Pierce Gets Lost on Way to Game

February 6, 1999

  On his way to the FleetCenter yesterday afternoon for his NBA debut, Paul Pierce got lost. Last night, midway through the opening quarter, he and his Celtics teammates lost their way again, seeing their early lead evaporate on the way to a 103-92 loss to the Raptors. Pierce arrived in plenty of time for the game, which he called "an old-fashioned horsewhipping." Despite the outcome, he was happy just to be playing. "I waited seven months for this season to start and I never thought it would get here," he said. "I wish things were a little different, but it is only one game and there are 49 to go." Pierce, who scored 19 points, had his moments. His play was statistically similar to what he did in the two exhibition victories over Toronto.
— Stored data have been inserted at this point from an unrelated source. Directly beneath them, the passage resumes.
(* Fix a finite complete graph $K$, a vertex $x\in V(K)$, an edge probability measure $\mu$ on $E(K)$, and an integer $m\ge 2$. Then \[ \sum_{\substack{P\in\mathrm{cp}(K,P_{m+1}),\\ \deg_P(x)=1}}\mu(P)\le\bar\mu(x)\Bigl(\frac{1-\bar\mu(x)}{m-1}\Bigr)^{m-1}. \]
   Context: $P_{m+1}$ is the path on $m+1$ vertices; $\mathrm{cp}(K,P_{m+1})$ is the set of subgraphs of $K$ isomorphic to $P_{m+1}$. An edge probability measure on $K$ is a probability measure $\mu$ on $E(K)$; for a subgraph $H\subseteq K$, $\mu(H)=\prod_{e\in E(H)}\mu(e)$; and $\bar\mu(x)=\sum_{y\in V(K)\setminus\{x\}}\mu(xy)$. *)

theory Defs
  imports Complex_Main
begin

definition K_edges :: "'a set \<Rightarrow> 'a set set" where
  "K_edges V = {e. e \<subseteq> V \<and> card e = 2}"

definition edge_prob_measure :: "'a set \<Rightarrow> ('a set \<Rightarrow> real) \<Rightarrow> bool" where
  "edge_prob_measure V \<mu> \<longleftrightarrow> (\<forall>e \<in> K_edges V. 0 \<le> \<mu> e) \<and> (\<Sum>e \<in> K_edges V. \<mu> e) = 1"

text \<open>Copies of the path on m+1 vertices in K, each represented by its edge set
  (a path with at least one edge is determined by its edge set).\<close>
definition path_copies :: "'a set \<Rightarrow> nat \<Rightarrow> 'a set set set" where
  "path_copies V m = {{{vs ! i, vs ! Suc i} | i. i < m} | vs.
      length vs = m + 1 \<and> distinct vs \<and> set vs \<subseteq> V}"

definition deg_in :: "'a set set \<Rightarrow> 'a \<Rightarrow> nat" where
  "deg_in P x = card {e \<in> P. x \<in> e}"

definition mu_sub :: "('a set \<Rightarrow> real) \<Rightarrow> 'a set set \<Rightarrow> real" where
  "mu_sub \<mu> H = (\<Prod>e \<in> H. \<mu> e)"

definition mu_bar :: "'a set \<Rightarrow> ('a set \<Rightarrow> real) \<Rightarrow> 'a \<Rightarrow> real" where
  "mu_bar V \<mu> x = (\<Sum>y \<in> V - {x}. \<mu> {x, y})"

end

theory Submission
  imports Defs "HOL-Analysis.Convex"
begin

text \<open>Orienting each counted path away from its end vertex x turns it into a vertex sequence
  starting at x. Let W(U) be the total weight of the edges inside U. The weight sum over the
  sequences with k edges in U starting at v is at most (W(U) / k)^k: splitting off the first
  edge {v, u} and using this bound inside U - v gives at most mu_bar(v) (W(U - v) / (k - 1))^(k - 1),
  which AM-GM bounds by ((mu_bar(v) + W(U - v)) / k)^k = (W(U) / k)^k. The theorem stops after the
  first split at v = x, where W(V - x) = 1 - mu_bar(x).\<close>

lemma power_mult_le_mean_power:
  fixes s t :: real
  assumes "0 \<le> s" "0 \<le> t"
  shows "s * t ^ k \<le> ((s + real k * t) / real (Suc k)) ^ Suc k"
proof -
  define y where "y i = (if i = 0 then s else t)" for i :: nat
  have y_nonneg: "0 \<le> y i" for i
    using assms by (simp add: y_def)
  have prod: "(\<Prod>i\<le>k. y i) = s * t ^ k"
    by (simp add: y_def prod.atMost_shift)
  have mean: "(\<Sum>i\<le>k. y i / card {..k}) = (s + real k * t) / real (Suc k)"
    by (simp add: y_def sum.atMost_shift add_divide_distrib)
  have "((s * t ^ k) powr (1 / real (Suc k))) ^ Suc k
      = ((s * t ^ k) powr (1 / real (Suc k))) powr real (Suc k)"
    by (rule powr_realpow' [symmetric]) auto
  also have "\<dots> = s * t ^ k"
    using assms by (simp add: powr_powr)
  finally have "s * t ^ k = ((s * t ^ k) powr (1 / real (Suc k))) ^ Suc k" ..
  also have "\<dots> \<le> ((s + real k * t) / real (Suc k)) ^ Suc k"
    using arith_geom_mean[of "{..k}" y, unfolded prod mean] y_nonneg
    by (intro power_mono) auto
  finally show ?thesis .
qed

lemma K_edges_mono: "U \<subseteq> W \<Longrightarrow> K_edges U \<subseteq> K_edges W"
  by (auto simp: K_edges_def)

lemma doubleton_in_K_edges: "a \<in> U \<Longrightarrow> b \<in> U \<Longrightarrow> a \<noteq> b \<Longrightarrow> {a, b} \<in> K_edges U"
  by (simp add: K_edges_def)

lemma finite_K_edges: "finite U \<Longrightarrow> finite (K_edges U)"
  by (rule finite_subset[of _ "Pow U"]) (auto simp: K_edges_def)

lemma K_edges_remove:
  assumes "v \<in> U"
  shows "K_edges U = K_edges (U - {v}) \<union> (\<lambda>u. {v, u}) ` (U - {v})"
  using assms by (auto simp: K_edges_def card_2_iff)

lemma sum_K_edges_remove:
  assumes "finite U" "v \<in> U"
  shows "sum \<mu> (K_edges U) = sum \<mu> (K_edges (U - {v})) + (\<Sum>u \<in> U - {v}. \<mu> {v, u})"
proof -
  have "K_edges (U - {v}) \<inter> (\<lambda>u. {v, u}) ` (U - {v}) = {}"
    by (auto simp: K_edges_def)
  moreover have "inj_on (\<lambda>u. {v, u}) (U - {v})"
    by (auto simp: inj_on_def doubleton_eq_iff)
  ultimately show ?thesis
    using assms by (simp add: K_edges_remove sum.union_disjoint finite_K_edges sum.reindex)
qed

fun path_weight :: "('a set \<Rightarrow> real) \<Rightarrow> 'a list \<Rightarrow> real" where
  "path_weight \<mu> (a # b # vs) = \<mu> {a, b} * path_weight \<mu> (b # vs)"
| "path_weight \<mu> _ = 1"

definition path_edges :: "'a list \<Rightarrow> 'a set set" where
  "path_edges vs = (\<lambda>i. {vs ! i, vs ! Suc i}) ` {..<length vs - 1}"

definition paths_from :: "nat \<Rightarrow> 'a set \<Rightarrow> 'a \<Rightarrow> 'a list set" where
  "paths_from k U v = {vs. length vs = Suc k \<and> distinct vs \<and> set vs \<subseteq> U \<and> hd vs = v}"

lemma finite_path_edges: "finite (path_edges vs)"
  by (simp add: path_edges_def)

lemma path_edges_Cons_Cons: "path_edges (a # b # vs) = insert {a, b} (path_edges (b # vs))"
  by (simp add: path_edges_def lessThan_Suc_eq_insert_0 image_image)

lemma path_edges_subset_set: "e \<in> path_edges vs \<Longrightarrow> e \<subseteq> set vs"
  by (auto simp: path_edges_def)

lemma path_edges_rev: "path_edges (rev vs) = path_edges vs"
proof -
  have "path_edges (rev vs) \<subseteq> path_edges vs" for vs :: "'a list"
  proof
    fix e assume "e \<in> path_edges (rev vs)"
    then obtain i where i: "i < length vs - 1" "e = {rev vs ! i, rev vs ! Suc i}"
      by (auto simp: path_edges_def)
    define j where "j = length vs - 2 - i"
    have "j < length vs - 1" "e = {vs ! j, vs ! Suc j}"
      using i by (auto simp: j_def rev_nth Suc_diff_Suc numeral_2_eq_2)
    then show "e \<in> path_edges vs"
      by (auto simp: path_edges_def)
  qed
  from this[of vs] this[of "rev vs"] show ?thesis
    by simp
qed

lemma mu_sub_path_edges: "distinct vs \<Longrightarrow> mu_sub \<mu> (path_edges vs) = path_weight \<mu> vs"
proof (induction \<mu> vs rule: path_weight.induct)
  case (1 \<mu> a b vs)
  then have "{a, b} \<notin> path_edges (b # vs)"
    using path_edges_subset_set by fastforce
  with 1 show ?case
    by (simp add: path_edges_Cons_Cons mu_sub_def finite_path_edges)
qed (simp_all add: path_edges_def mu_sub_def)

lemma path_weight_nonneg:
  assumes "\<forall>e \<in> K_edges U. 0 \<le> \<mu> e" "distinct vs" "set vs \<subseteq> U"
  shows "0 \<le> path_weight \<mu> vs"
  using assms by (induction \<mu> vs rule: path_weight.induct) (auto simp: doubleton_in_K_edges)

lemma finite_paths_from: "finite U \<Longrightarrow> finite (paths_from k U v)"
  by (rule finite_subset[OF _ finite_lists_length_eq[of U "Suc k"]]) (auto simp: paths_from_def)

lemma paths_from_0: "v \<in> U \<Longrightarrow> paths_from 0 U v = {[v]}"
  by (auto simp: paths_from_def length_Suc_conv)

lemma paths_from_Suc:
  assumes "v \<in> U"
  shows "paths_from (Suc k) U v = (\<lambda>ws. v # ws) ` (\<Union>u \<in> U - {v}. paths_from k (U - {v}) u)"
  using assms by (fastforce simp: paths_from_def length_Suc_conv image_iff)

lemma sum_path_weight_paths_from_Suc:
  assumes "finite U" "v \<in> U"
  shows "sum (path_weight \<mu>) (paths_from (Suc k) U v)
    = (\<Sum>u \<in> U - {v}. \<mu> {v, u} * sum (path_weight \<mu>) (paths_from k (U - {v}) u))"
proof -
  have first_edge: "path_weight \<mu> (v # ws) = \<mu> {v, u} * path_weight \<mu> ws"
    if "ws \<in> paths_from k (U - {v}) u" for u ws
    using that by (cases ws) (auto simp: paths_from_def)
  have "\<forall>u \<in> U - {v}. \<forall>u' \<in> U - {v}. u \<noteq> u' \<longrightarrow>
      paths_from k (U - {v}) u \<inter> paths_from k (U - {v}) u' = {}"
    by (auto simp: paths_from_def)
  then have "sum (path_weight \<mu>) (paths_from (Suc k) U v)
      = (\<Sum>u \<in> U - {v}. \<Sum>ws \<in> paths_from k (U - {v}) u. path_weight \<mu> (v # ws))"
    using assms
    by (simp add: paths_from_Suc sum.reindex sum.UNION_disjoint finite_paths_from)
  also have "\<dots> = (\<Sum>u \<in> U - {v}. \<mu> {v, u} * sum (path_weight \<mu>) (paths_from k (U - {v}) u))"
    by (simp add: first_edge sum_distrib_left)
  finally show ?thesis .
qed

lemma sum_path_weight_paths_from_le:
  assumes "finite U" "v \<in> U" "\<forall>e \<in> K_edges U. 0 \<le> \<mu> e"
  shows "sum (path_weight \<mu>) (paths_from k U v) \<le> (sum \<mu> (K_edges U) / real k) ^ k"
  using assms
proof (induction k arbitrary: U v)
  case 0
  then show ?case
    by (simp add: paths_from_0)
next
  case (Suc k)
  let ?S = "\<Sum>u \<in> U - {v}. \<mu> {v, u}"
  let ?T = "sum \<mu> (K_edges (U - {v}))"
  have nonneg_rest: "\<forall>e \<in> K_edges (U - {v}). 0 \<le> \<mu> e"
    using Suc.prems(3) K_edges_mono[of "U - {v}" U] by blast
  have nonneg_first: "0 \<le> \<mu> {v, u}" if "u \<in> U - {v}" for u
    using that Suc.prems doubleton_in_K_edges[of v U u] by auto
  then have "0 \<le> ?S"
    by (rule sum_nonneg)
  have "0 \<le> ?T"
    using nonneg_rest by (simp add: sum_nonneg)
  have "sum (path_weight \<mu>) (paths_from (Suc k) U v)
      = (\<Sum>u \<in> U - {v}. \<mu> {v, u} * sum (path_weight \<mu>) (paths_from k (U - {v}) u))"
    using Suc.prems(1,2) by (rule sum_path_weight_paths_from_Suc)
  also have "\<dots> \<le> (\<Sum>u \<in> U - {v}. \<mu> {v, u} * (?T / real k) ^ k)"
    using Suc.IH[of "U - {v}"] Suc.prems(1) nonneg_rest nonneg_first
    by (intro sum_mono mult_left_mono) auto
  also have "\<dots> = ?S * (?T / real k) ^ k"
    by (simp add: sum_distrib_right)
  also have "\<dots> \<le> (sum \<mu> (K_edges U) / real (Suc k)) ^ Suc k"
  proof (cases "k = 0")
    case True
    then show ?thesis
      using \<open>0 \<le> ?T\<close> sum_K_edges_remove[OF Suc.prems(1,2), of \<mu>] by simp
  next
    case False
    have "?S * (?T / real k) ^ k \<le> ((?S + real k * (?T / real k)) / real (Suc k)) ^ Suc k"
      using \<open>0 \<le> ?S\<close> \<open>0 \<le> ?T\<close> by (intro power_mult_le_mean_power) simp_all
    also have "?S + real k * (?T / real k) = sum \<mu> (K_edges U)"
      using False sum_K_edges_remove[OF Suc.prems(1,2), of \<mu>] by simp
    finally show ?thesis .
  qed
  finally show ?case .
qed

lemma two_le_deg_in_path_edges:
  assumes "distinct vs" "0 < j" "Suc j < length vs"
  shows "2 \<le> deg_in (path_edges vs) (vs ! j)"
proof -
  let ?e1 = "{vs ! (j - 1), vs ! j}" and ?e2 = "{vs ! j, vs ! Suc j}"
  have "?e1 \<in> path_edges vs"
    unfolding path_edges_def using assms(2,3) by (intro image_eqI[of _ _ "j - 1"]) auto
  moreover have "?e2 \<in> path_edges vs"
    unfolding path_edges_def using assms(3) by (intro image_eqI[of _ _ j]) auto
  moreover have "vs ! (j - 1) \<notin> ?e2"
    using assms by (auto simp: nth_eq_iff_index_eq)
  then have "?e1 \<noteq> ?e2"
    by blast
  ultimately have "card {?e1, ?e2} \<le> deg_in (path_edges vs) (vs ! j)"
    unfolding deg_in_def by (intro card_mono) (auto simp: finite_path_edges)
  with \<open>?e1 \<noteq> ?e2\<close> show ?thesis
    by simp
qed

lemma deg_in_path_edges_eq_1_imp_end:
  assumes "distinct vs" "deg_in (path_edges vs) x = 1"
  shows "x = hd vs \<or> x = last vs"
proof -
  have "x \<in> set vs"
  proof (rule ccontr)
    assume "x \<notin> set vs"
    then have "{e \<in> path_edges vs. x \<in> e} = {}"
      using path_edges_subset_set by blast
    with assms(2) show False
      by (simp add: deg_in_def)
  qed
  then obtain j where j: "j < length vs" "x = vs ! j"
    by (auto simp: in_set_conv_nth)
  have "j = 0 \<or> j = length vs - 1"
    using two_le_deg_in_path_edges[OF assms(1), of j] assms(2) j by fastforce
  moreover have "vs \<noteq> []"
    using j(1) by auto
  ultimately show ?thesis
    using j(2) by (auto simp: hd_conv_nth last_conv_nth)
qed

lemma path_copies_deg_in_eq_1:
  assumes "P \<in> path_copies V m" "deg_in P x = 1"
  shows "P \<in> path_edges ` paths_from m V x"
proof -
  obtain vs where vs: "P = path_edges vs" "length vs = Suc m" "distinct vs" "set vs \<subseteq> V"
    using assms(1) by (auto simp: path_copies_def path_edges_def)
  then have "x = hd vs \<or> x = hd (rev vs)"
    using assms(2) deg_in_path_edges_eq_1_imp_end by (simp add: hd_rev)
  then have "vs \<in> paths_from m V x \<or> rev vs \<in> paths_from m V x"
    using vs by (auto simp: paths_from_def)
  then show ?thesis
    using vs(1) path_edges_rev by (metis image_eqI)
qed

lemma sum_mu_sub_path_copies_deg_in_eq_1_le:
  assumes "finite V" "\<forall>e \<in> K_edges V. 0 \<le> \<mu> e"
  shows "(\<Sum>P \<in> {P \<in> path_copies V m. deg_in P x = 1}. mu_sub \<mu> P)
    \<le> sum (path_weight \<mu>) (paths_from m V x)"
proof -
  have weight: "mu_sub \<mu> (path_edges vs) = path_weight \<mu> vs"
    and weight_nonneg: "0 \<le> path_weight \<mu> vs" if "vs \<in> paths_from m V x" for vs
    using that assms(2) by (auto simp: paths_from_def mu_sub_path_edges intro: path_weight_nonneg)
  have "finite (paths_from m V x)"
    using assms(1) by (rule finite_paths_from)
  then have "(\<Sum>P \<in> {P \<in> path_copies V m. deg_in P x = 1}. mu_sub \<mu> P)
      \<le> sum (mu_sub \<mu>) (path_edges ` paths_from m V x)"
    using path_copies_deg_in_eq_1 weight weight_nonneg by (intro sum_mono2) auto
  also have "\<dots> \<le> sum (mu_sub \<mu> \<circ> path_edges) (paths_from m V x)"
    using \<open>finite (paths_from m V x)\<close> weight weight_nonneg by (intro sum_image_le) auto
  also have "\<dots> = sum (path_weight \<mu>) (paths_from m V x)"
    using weight by simp
  finally show ?thesis .
qed

theorem proposition4p4:
  fixes V :: "'a set" and x :: 'a and \<mu> :: "'a set \<Rightarrow> real" and m :: nat
  assumes "finite V" and "x \<in> V" and "edge_prob_measure V \<mu>" and "m \<ge> 2"
  shows "(\<Sum>P \<in> {P \<in> path_copies V m. deg_in P x = 1}. mu_sub \<mu> P)
           \<le> mu_bar V \<mu> x * ((1 - mu_bar V \<mu> x) / (real m - 1)) ^ (m - 1)"
proof -
  obtain k where m: "m = Suc k"
    using assms(4) by (cases m) auto
  have nonneg: "\<forall>e \<in> K_edges V. 0 \<le> \<mu> e" and total: "sum \<mu> (K_edges V) = 1"
    using assms(3) by (auto simp: edge_prob_measure_def)
  let ?rest = "sum \<mu> (K_edges (V - {x}))"
  have "(\<Sum>P \<in> {P \<in> path_copies V m. deg_in P x = 1}. mu_sub \<mu> P)
      \<le> sum (path_weight \<mu>) (paths_from m V x)"
    using assms(1) nonneg by (rule sum_mu_sub_path_copies_deg_in_eq_1_le)
  also have "\<dots> = (\<Sum>u \<in> V - {x}. \<mu> {x, u} * sum (path_weight \<mu>) (paths_from k (V - {x}) u))"
    unfolding m using assms(1,2) by (rule sum_path_weight_paths_from_Suc)
  also have "\<dots> \<le> (\<Sum>u \<in> V - {x}. \<mu> {x, u} * (?rest / real k) ^ k)"
    using assms(1,2) nonneg K_edges_mono[of "V - {x}" V]
    by (intro sum_mono mult_left_mono sum_path_weight_paths_from_le)
      (auto simp: doubleton_in_K_edges)
  also have "\<dots> = mu_bar V \<mu> x * (?rest / real k) ^ k"
    by (simp add: mu_bar_def sum_distrib_right)
  also have "?rest = 1 - mu_bar V \<mu> x"
    using sum_K_edges_remove[OF assms(1,2), of \<mu>] by (simp add: total mu_bar_def)
  also have "real k = real m - 1"
    by (simp add: m)
  also have "k = m - 1"
    by (simp add: m)
  finally show ?thesis .
qed

end
lemma pure_state_product_ghz_Cunc:
  assumes d: "\<forall>i\<in>Lset n. 1 < d i" and \<mu>: "\<mu> \<in> PI n" and \<Xi>: "\<Xi> = downsets_containing n \<mu>"
  shows "pure_state d (Lset n) (product_ghz \<mu>) \<in> Cunc d n \<Xi>"
proof -
  define \<rho> where "\<rho> = pure_state d (Lset n) (product_ghz \<mu>)"
  have u: "\<rho> \<in> unc d n \<mu>" unfolding \<rho>_def using \<mu> d by (rule pure_state_product_ghz_unc)
  have "\<rho> \<in> Sunc d n S \<longleftrightarrow> \<mu> \<in> S" if S: "S \<in> PII n" for S
  proof
    assume "\<rho> \<in> Sunc d n S"
    then obtain \<xi> where "\<xi> \<in> S" "\<rho> \<in> unc d n \<xi>" unfolding Sunc_def by blast
    moreover have "\<xi> \<in> PI n" using S \<open>\<xi> \<in> S\<close> unfolding PII_def by blast
    ultimately show "\<mu> \<in> S"
      using pure_state_product_ghz_unc_refines[OF \<mu> d] S \<mu> unfolding \<rho>_def PII_def by blast
  qed (use u in \<open>auto simp: Sunc_def\<close>)
  then show ?thesis
    using unc_Dens[OF u] \<Xi> unfolding Cunc_def downsets_containing_def \<rho>_def by blast
qed

theorem lemma5:
  fixes n :: nat and d :: "nat \<Rightarrow> nat" and \<Xi> :: "nat set set set set"
  assumes "n \<ge> 1"
    and "\<forall>i\<in>Lset n. 1 < d i"
    and "\<Xi> \<in> PIII n"
  shows "Cunc d n \<Xi> \<noteq> {} \<longleftrightarrow>
           (\<Xi> = {U \<in> PII n. \<Inter>\<Xi> \<subseteq> U} \<and>
            PII n - \<Xi> = {U \<in> PII n. U \<subseteq> \<Union>(PII n - \<Xi>)})"
proof -
  have "Cunc d n \<Xi> \<noteq> {} \<longleftrightarrow> (\<exists>\<mu>\<in>PI n. \<Xi> = downsets_containing n \<mu>)"
    using Cunc_mem_imp_downsets_containing[OF assms(3)] pure_state_product_ghz_Cunc[OF assms(2)]
    by blast
  also have "\<dots> \<longleftrightarrow> \<Xi> = {U \<in> PII n. \<Inter>\<Xi> \<subseteq> U} \<and> PII n - \<Xi> = {U \<in> PII n. U \<subseteq> \<Union>(PII n - \<Xi>)}"
    using downsets_containing_imp_filter_conditions filter_conditions_imp_downsets_containing[OF assms(3)]
    by blast
  finally show ?thesis .
qed

end
definition induced_matching_cover :: "('u \<times> 'f) set \<Rightarrow> ('u \<times> 'f) set set \<Rightarrow> bool" where
  "induced_matching_cover E Cs \<longleftrightarrow>
     (\<forall>C\<in>Cs. induced_matching E C \<and> C \<noteq> {}) \<and> \<Union>Cs = E \<and>
     (\<forall>C1\<in>Cs. \<forall>C2\<in>Cs. C1 \<noteq> C2 \<longrightarrow> C1 \<inter> C2 = {})"

text \<open>Parameters of the coded caching scheme defined by a (K,F,D) caching graph with
  an induced matching cover of S matchings: M/N = 1 - D/F, R = S/F,
  gamma = K (1 - M/N) / R.\<close>
definition cache_fraction :: "nat \<Rightarrow> nat \<Rightarrow> real" where
  "cache_fraction F D = 1 - real D / real F"

definition scheme_rate :: "nat \<Rightarrow> nat \<Rightarrow> real" where
  "scheme_rate F S = real S / real F"

definition caching_gain :: "nat \<Rightarrow> nat \<Rightarrow> nat \<Rightarrow> nat \<Rightarrow> real" where
  "caching_gain K F D S = real K * (1 - cache_fraction F D) / scheme_rate F S"

end

(*
  Over a field with q elements a d-dimensional subspace has q^d vectors. Counting the lists of r
  vectors of A that extend V independently, grouped by the subspace Z they span together with V,
  shows that the subspaces Z with V <= Z <= A, dim Z = dim V + r and Z meeting Y exactly in V
  (where V <= Y <= A) number [dim A - dim V, r]_q when Y = V, and q^((dim Y - dim V) r) when
  dim Y + r = dim A. The first count gives K, F and D.

  For the cover, relate each edge (V, X) to the pairs (V, U) with dim U = k - m, V <= U and
  U meeting X exactly in V. By the second count both sides of this relation are
  q^(m (k - m - t))-regular, so Hall's theorem gives a bijection between the edges and the
  flags V <= U. The edges sent to flags with a fixed U form an induced matching, since V <= X'
  forces V <= X' /\ U = V'; there are [k - m, t]_q of them, and [k, k - m]_q = [k, m]_q choices
  of U. Double counting the edges finally gives K D = S g, i.e. the caching gain g.
*)
theory Submission
  imports Defs
begin

section \<open>Hall's marriage theorem\<close>

lemma hall_condition_Diff_critical:
  assumes "finite A" "\<And>a. a \<in> A \<Longrightarrow> finite (N a)"
    and hall: "\<And>T. T \<subseteq> A \<Longrightarrow> card T \<le> card (\<Union>(N ` T))"
    and "S \<subseteq> A" and critical: "card (\<Union>(N ` S)) = card S"
    and "T \<subseteq> A - S"
  shows "card T \<le> card (\<Union>a\<in>T. N a - \<Union>(N ` S))"
proof -
  have "finite S" "finite T" using assms(1,4,6) finite_subset by blast+
  have "card T + card S = card (T \<union> S)"
    using \<open>finite S\<close> \<open>finite T\<close> assms(6) by (intro card_Un_disjoint[symmetric]) auto
  also have "\<dots> \<le> card (\<Union>(N ` (T \<union> S)))" using assms(4,6) by (intro hall) auto
  also have "\<Union>(N ` (T \<union> S)) = (\<Union>a\<in>T. N a - \<Union>(N ` S)) \<union> \<Union>(N ` S)" by auto
  also have "card \<dots> \<le> card (\<Union>a\<in>T. N a - \<Union>(N ` S)) + card (\<Union>(N ` S))"
    by (rule card_Un_le)
  finally show ?thesis using critical by linarith
qed

lemma hall_condition_Diff_singleton:
  assumes "finite A" "\<And>a. a \<in> A \<Longrightarrow> finite (N a)"
    and no_critical: "\<And>T. T \<noteq> {} \<Longrightarrow> T \<subset> A \<Longrightarrow> card T < card (\<Union>(N ` T))"
    and "a \<in> A" "T \<subseteq> A - {a}"
  shows "card T \<le> card (\<Union>x\<in>T. N x - {b})"
proof (cases "T = {}")
  case True
  then show ?thesis by simp
next
  case False
  have "T \<subset> A" using assms(4,5) by auto
  then have "card T < card (\<Union>(N ` T))" using no_critical False by blast
  moreover have "(\<Union>x\<in>T. N x - {b}) = \<Union>(N ` T) - {b}" by auto
  ultimately show ?thesis by (auto simp: card_Diff_singleton_if)
qed

lemma distinct_representatives_Un:
  assumes "S \<subseteq> A" "inj_on f1 S" "\<forall>a\<in>S. f1 a \<in> N a"
    and "inj_on f2 (A - S)" "\<forall>a\<in>A - S. f2 a \<in> N a - \<Union>(N ` S)"
  defines "f \<equiv> \<lambda>a. if a \<in> S then f1 a else f2 a"
  shows "inj_on f A \<and> (\<forall>a\<in>A. f a \<in> N a)"
proof
  have "inj_on f S" by (rule inj_on_cong[THEN iffD2, OF _ assms(2)]) (simp add: f_def)
  moreover have "inj_on f (A - S)" by (rule inj_on_cong[THEN iffD2, OF _ assms(4)]) (simp add: f_def)
  moreover have "f ` S \<inter> f ` (A - S) = {}" using assms(3,5) by (auto simp: f_def)
  moreover have "S - (A - S) = S" "(A - S) - S = A - S" by auto
  ultimately have "inj_on f (S \<union> (A - S))" unfolding inj_on_Un by simp
  then show "inj_on f A" using assms(1) by (simp add: Un_absorb1)
  show "\<forall>a\<in>A. f a \<in> N a" using assms(3,5) by (simp add: f_def)
qed

lemma distinct_representatives_insert:
  assumes "inj_on f (A - {a})" "\<forall>x\<in>A - {a}. f x \<in> N x - {b}" "a \<in> A" "b \<in> N a"
  shows "inj_on (f(a := b)) A \<and> (\<forall>x\<in>A. (f(a := b)) x \<in> N x)"
  using assms by (auto simp: inj_on_def)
In 39 minutes, he hit 7 of 14 shots from the floor, pulled down 9 rebounds, blocked 4 shots, and dished off 5 assists. The problem was that the Raptors didn't resemble the team the Celtics played in the exhibition games. "I knew they would be different," said Pierce. "I didn't expect them to play the same." It was a nerve-wracking evening. His mother, Lorraine, and brothers, Jamal and Steve, traveled from Inglewood, Calif., to attend his debut.

He didn't want to disappoint them. He telephoned his college coach, Kansas's Roy Williams, and talked to a few of his old teammates. "This was a day I waited all my life for, since the time I started playing basketball," he said. Pierce understandably was tight when he listened to Red Auerbach address the crowd of 17,892 during pregame ceremonies. "But once the game started, I felt better," he said. "I'm nervous before every game, but it's different when you put on a Celtics jersey. There is a lot of history with it." His first moments on the parquet were not very historic.

"I didn't want to rush things," he said. "I didn't want to get carried away in the emotion of it. I figured I would settle down." He took two shots in the first half, and his first NBA points came on a driving layup with 6:25 remaining in the second quarter, cutting Toronto's lead to 38-34. In the second half, he brought the crowd alive with back-to-back 3-pointers and an attempted baseline dunk on which he was hammered. That's what he will remember about his professional debut: rolling around on the parquet with Charles Oakley's knee affixed to his ribs.

"Yeah, it was like 'Welcome to the NBA,' " said Pierce. "I didn't expect Toronto to play like they did in our two exhibition games. I knew they'd be tough, especially the two big men [ Kevin Willis, Oakley] underneath." Losing at home is unique for Pierce. He never lost a home game at Kansas and can't remember losing one at Inglewood High School. "But this is the NBA and it's going to happen," he said. "You just got to move on." He isn't going to fret about the loss. "It's over," he said. "I got to get my mind on [ tonight's] game." Pierce talked about getting better. He got plenty of minutes and looked brilliant at times. But there were a couple of terrible shots and poor drives to the basket when he should have kicked out passes. Simple rookie mistakes. Playing on equal terms against Toronto rookie Vince Carter, who was selected ahead of Pierce in the draft, wasn't anything to gloat about. "I just want to play well against everybody," said Pierce. "It doesn't matter if a team didn't draft me. I just want to win."